Identification of biomarkers associated with M1 macrophages in the ST-segment elevation myocardial infarction through bioinformatics and machine learning approaches.

ST-segment elevation myocardial infarction (STEMI) is considered a critical cardiac condition with a poor prognosis. Shortly after STEMI occurs, the increased number of circulating leukocytes including macrophages can lead to the accumulation of more cells in the myocardium, affecting the cardiac immune microenvironment. Identifying serum biomarkers associated with immune infiltration after STEMI is important for diagnosing and treating STEMI. In this work, we aimed to use integrated bioinformatics and machine learning methods to identify new biomarkers. First, candidate genes closely associated with M1 macrophage immune infiltration and STEMI were obtained using the limma package, the CIBERSORTx package, weighted gene coexpression network analysis (WGCNA), and protein‒protein interaction (PPI) networks from the GSE59867 dataset, which comprises peripheral blood mononuclear cell (PBMC) samples.

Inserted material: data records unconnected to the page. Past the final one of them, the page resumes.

(* The syntactic pomset automaton $A_\Sigma$ is fork-acyclic.
   Context: Fix a finite alphabet $\Sigma$. The set $\mathcal{T}$ of sr-expressions is generated by $e, f ::= 0 \mid 1 \mid \mathtt{a}\in\Sigma \mid e+f \mid e\cdot f \mid e\parallel f \mid e^*$. $\mathcal{F}\subseteq\mathcal{T}$ is the smallest set with $1\in\mathcal{F}$; $e+f\in\mathcal{F}$ if $e\in\mathcal{F}$ or $f\in\mathcal{F}$; $e\cdot f, e\parallel f\in\mathcal{F}$ if $e,f\in\mathcal{F}$; and $e^*\in\mathcal{F}$ for all $e$. A pomset automaton (PA) is a tuple $\langle Q,F,\delta,\gamma\rangle$ with states $Q$, accepting states $F\subseteq Q$, $\delta: Q\times\Sigma\to 2^Q$ and $\gamma: Q\times\mathbb{M}(Q)\to 2^Q$ (with $\mathbb{M}(Q)$ the finite multisets over $Q$), such that for each $q$ only finitely many $\phi$ have $\gamma(q,\phi)\neq\emptyset$. The support relation $\preceq$ is the smallest preorder on $Q$ with $q'\preceq q$ whenever $q'\in\delta(q,\mathtt a)$ for some $\mathtt a$, or $q'\in\gamma(q,\phi)$ for some $\phi$, or $q'\in\phi$ for some $\phi$ with $\gamma(q,\phi)\neq\emptyset$. Write $q'\prec q$ if $q'\preceq q$ and $q\not\preceq q'$. The PA is fork-acyclic if whenever $r\in\phi$ and $\gamma(q,\phi)\neq\emptyset$, we have $r\prec q$. For $e\in\mathcal{T}$ and $T\subseteq\mathcal{T}$, let $e\star T = T$ if $e\in\mathcal{F}$ and $\emptyset$ otherwise. The derivatives $\delta_\Sigma:\mathcal{T}\times\Sigma\to 2^{\mathcal{T}}$ and $\gamma_\Sigma:\mathcal{T}\times\mathbb{M}(\mathcal{T})\to 2^{\mathcal{T}}$ are defined by: $\delta_\Sigma(0,\mathtt a)=\delta_\Sigma(1,\mathtt a)=\emptyset$; $\delta_\Sigma(\mathtt b,\mathtt a)=\{1 : \mathtt a=\mathtt b\}$; $\delta_\Sigma(e+f,\mathtt a)=\delta_\Sigma(e,\mathtt a)\cup\delta_\Sigma(f,\mathtt a)$; $\delta_\Sigma(e\cdot f,\mathtt a)=\{g\cdot f : g\in\delta_\Sigma(e,\mathtt a)\}\cup e\star\delta_\Sigma(f,\mathtt a)$; $\delta_\Sigma(e\parallel f,\mathtt a)=\emptyset$; $\delta_\Sigma(e^*,\mathtt a)=\{g\cdot e^* : g\in\delta_\Sigma(e,\mathtt a)\}$; and $\gamma_\Sigma(0,\phi)=\gamma_\Sigma(1,\phi)=\gamma_\Sigma(\mathtt b,\phi)=\emptyset$; $\gamma_\Sigma(e+f,\phi)=\gamma_\Sigma(e,\phi)\cup\gamma_\Sigma(f,\phi)$; $\gamma_\Sigma(e\cdot f,\phi)=\{g\cdot f: g\in\gamma_\Sigma(e,\phi)\}\cup e\star\gamma_\Sigma(f,\phi)$; $\gamma_\Sigma(e\parallel f,\phi)=\{1 : \phi=\{\!\{e,f\}\!\}\}$; $\gamma_\Sigma(e^*,\phi)=\{g\cdot e^* : g\in\gamma_\Sigma(e,\phi)\}$. The syntactic PA is $A_\Sigma=\langle\mathcal{T},\mathcal{F},\delta_\Sigma,\gamma_\Sigma\rangle$. *)

theory Defs
  imports Main "HOL-Library.Multiset"
begin

datatype 'a sr = Zero | One | Sym 'a | Plus "'a sr" "'a sr" | Seq "'a sr" "'a sr"
  | Par "'a sr" "'a sr" | Star "'a sr"

inductive_set FF :: "'a sr set" where
  one: "One \<in> FF"
| plusL: "e \<in> FF \<Longrightarrow> Plus e f \<in> FF"
| plusR: "f \<in> FF \<Longrightarrow> Plus e f \<in> FF"
| seq: "e \<in> FF \<Longrightarrow> f \<in> FF \<Longrightarrow> Seq e f \<in> FF"
| par: "e \<in> FF \<Longrightarrow> f \<in> FF \<Longrightarrow> Par e f \<in> FF"
| star: "Star e \<in> FF"

definition starF :: "'a sr \<Rightarrow> 'a sr set \<Rightarrow> 'a sr set" where
  "starF e T = (if e \<in> FF then T else {})"

fun delta_S :: "'a sr \<Rightarrow> 'a \<Rightarrow> 'a sr set" where
  "delta_S Zero a = {}"
| "delta_S One a = {}"
| "delta_S (Sym b) a = (if a = b then {One} else {})"
| "delta_S (Plus e f) a = delta_S e a \<union> delta_S f a"
| "delta_S (Seq e f) a = {Seq g f | g. g \<in> delta_S e a} \<union> starF e (delta_S f a)"
| "delta_S (Par e f) a = {}"
| "delta_S (Star e) a = {Seq g (Star e) | g. g \<in> delta_S e a}"

fun gamma_S :: "'a sr \<Rightarrow> 'a sr multiset \<Rightarrow> 'a sr set" where
  "gamma_S Zero \<phi> = {}"
| "gamma_S One \<phi> = {}"
| "gamma_S (Sym b) \<phi> = {}"
| "gamma_S (Plus e f) \<phi> = gamma_S e \<phi> \<union> gamma_S f \<phi>"
| "gamma_S (Seq e f) \<phi> = {Seq g f | g. g \<in> gamma_S e \<phi>} \<union> starF e (gamma_S f \<phi>)"
| "gamma_S (Par e f) \<phi> = (if \<phi> = {#e, f#} then {One} else {})"
| "gamma_S (Star e) \<phi> = {Seq g (Star e) | g. g \<in> gamma_S e \<phi>}"

text \<open>Pomset automata with state type 'q (the state set Q is the whole type)\<close>
record ('q, 'a) pa =
  acc :: "'q set"
  trans :: "'q \<Rightarrow> 'a \<Rightarrow> 'q set"
  fork :: "'q \<Rightarrow> 'q multiset \<Rightarrow> 'q set"

definition is_pa :: "('q, 'a) pa \<Rightarrow> bool" where
  "is_pa A \<longleftrightarrow> (\<forall>q. finite {\<phi>. fork A q \<phi> \<noteq> {}})"

text \<open>support relation: smallest preorder containing the basic steps; supp A q' q means q' \<preceq> q\<close>
inductive supp :: "('q, 'a) pa \<Rightarrow> 'q \<Rightarrow> 'q \<Rightarrow> bool" for A where
  refl: "supp A q q"
| trans_step: "supp A q1 q2 \<Longrightarrow> supp A q2 q3 \<Longrightarrow> supp A q1 q3"
| delta_step: "q' \<in> trans A q a \<Longrightarrow> supp A q' q"
| gamma_step: "q' \<in> fork A q \<phi> \<Longrightarrow> supp A q' q"
| fork_step: "q' \<in># \<phi> \<Longrightarrow> fork A q \<phi> \<noteq> {} \<Longrightarrow> supp A q' q"

definition strict_supp :: "('q, 'a) pa \<Rightarrow> 'q \<Rightarrow> 'q \<Rightarrow> bool" where
  "strict_supp A q' q \<longleftrightarrow> supp A q' q \<and> \<not> supp A q q'"

definition fork_acyclic :: "('q, 'a) pa \<Rightarrow> bool" where
  "fork_acyclic A \<longleftrightarrow> (\<forall>q \<phi> r. r \<in># \<phi> \<and> fork A q \<phi> \<noteq> {} \<longrightarrow> strict_supp A r q)"

definition syntactic_pa :: "('a sr, 'a) pa" where
  "syntactic_pa = \<lparr>acc = FF, trans = delta_S, fork = gamma_S\<rparr>"

end

theory Submission
  imports Defs
begin

text \<open>A rank on states that never increases along transitions and fork targets, and drops
  strictly from a state to the members of any multiset it forks on, is monotone along the
  support preorder; so a member of a fork multiset can never support the forking state.
  For the syntactic PA the rank is the nesting depth of parallel composition: derivatives
  only discard subterms or re-wrap them in sequential contexts, while the only forks are
  those of a term \<open>e \<parallel> f\<close> on its two components.\<close>

lemma supp_rank_le:
  fixes rank :: "'q \<Rightarrow> 'b::preorder"
  assumes trans_le: "\<And>q a q'. q' \<in> trans A q a \<Longrightarrow> rank q' \<le> rank q"
    and fork_le: "\<And>q \<phi> q'. q' \<in> fork A q \<phi> \<Longrightarrow> rank q' \<le> rank q"
    and fork_child_less: "\<And>q \<phi> r. r \<in># \<phi> \<Longrightarrow> fork A q \<phi> \<noteq> {} \<Longrightarrow> rank r < rank q"
    and "supp A r q"
  shows "rank r \<le> rank q"
  using \<open>supp A r q\<close>
proof induction
  case (trans_step q1 q2 q3)
  from trans_step.IH show ?case by (rule order_trans)
qed (auto intro: less_imp_le trans_le fork_le fork_child_less)

lemma fork_acyclic_by_rank:
  fixes rank :: "'q \<Rightarrow> 'b::preorder"
  assumes "\<And>q a q'. q' \<in> trans A q a \<Longrightarrow> rank q' \<le> rank q"
    and "\<And>q \<phi> q'. q' \<in> fork A q \<phi> \<Longrightarrow> rank q' \<le> rank q"
    and "\<And>q \<phi> r. r \<in># \<phi> \<Longrightarrow> fork A q \<phi> \<noteq> {} \<Longrightarrow> rank r < rank q"
  shows "fork_acyclic A"
  unfolding fork_acyclic_def strict_supp_def
proof (intro allI impI conjI)
  fix q \<phi> r
  assume fork: "r \<in># \<phi> \<and> fork A q \<phi> \<noteq> {}"
  then show "supp A r q"
    by (blast intro: supp.fork_step)
  have "rank r < rank q"
    using fork assms(3) by blast
  show "\<not> supp A q r"
  proof
    assume "supp A q r"
    with assms have "rank q \<le> rank r"
      by (rule supp_rank_le)
    with \<open>rank r < rank q\<close> show False
      by (simp add: less_le_not_le)
  qed
qed

fun par_depth :: "'a sr \<Rightarrow> nat" where
  "par_depth Zero = 0"
| "par_depth One = 0"
| "par_depth (Sym b) = 0"
| "par_depth (Plus e f) = max (par_depth e) (par_depth f)"
| "par_depth (Seq e f) = max (par_depth e) (par_depth f)"
| "par_depth (Par e f) = Suc (max (par_depth e) (par_depth f))"
| "par_depth (Star e) = par_depth e"

lemma par_depth_delta_S_le: "g \<in> delta_S e a \<Longrightarrow> par_depth g \<le> par_depth e"
  by (induction e arbitrary: g) (fastforce simp: starF_def split: if_splits)+

lemma par_depth_gamma_S_le: "g \<in> gamma_S e \<phi> \<Longrightarrow> par_depth g \<le> par_depth e"
  by (induction e arbitrary: g) (fastforce simp: starF_def split: if_splits)+

lemma par_depth_gamma_S_child_less:
  "gamma_S e \<phi> \<noteq> {} \<Longrightarrow> r \<in># \<phi> \<Longrightarrow> par_depth r < par_depth e"
  by (induction e) (auto simp: starF_def less_max_iff_disj split: if_splits)

theorem lemma7p14:
  shows "fork_acyclic (syntactic_pa :: ('a::finite sr, 'a) pa)"
  unfolding syntactic_pa_def
  by (rule fork_acyclic_by_rank[where rank = par_depth])
    (simp_all add: par_depth_delta_S_le par_depth_gamma_S_le par_depth_gamma_S_child_less)

end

The STEMI patients were subsequently stratified into subtypes using the ConsensusClusterPlus package. Furthermore, using machine learning methods, we identified AKT3, GJC2, HMGCL and RBM17 as the genes with the greatest potential to be associated with STEMI subtypes and with M1 macrophage infiltration during the acute phase of STEMI. Finally, the expression profile and diagnostic value of the four feature genes were validated in the GSE59867 and GSE62646 datasets and in 24 patients using real-time PCR. This study revealed logically and comprehensively that AKT3, GJC2, HMGCL and RBM17, which are derived from PBMCs, could enhance the accuracy of STEMI diagnosis and might provide effective treatment options for STEMI patients.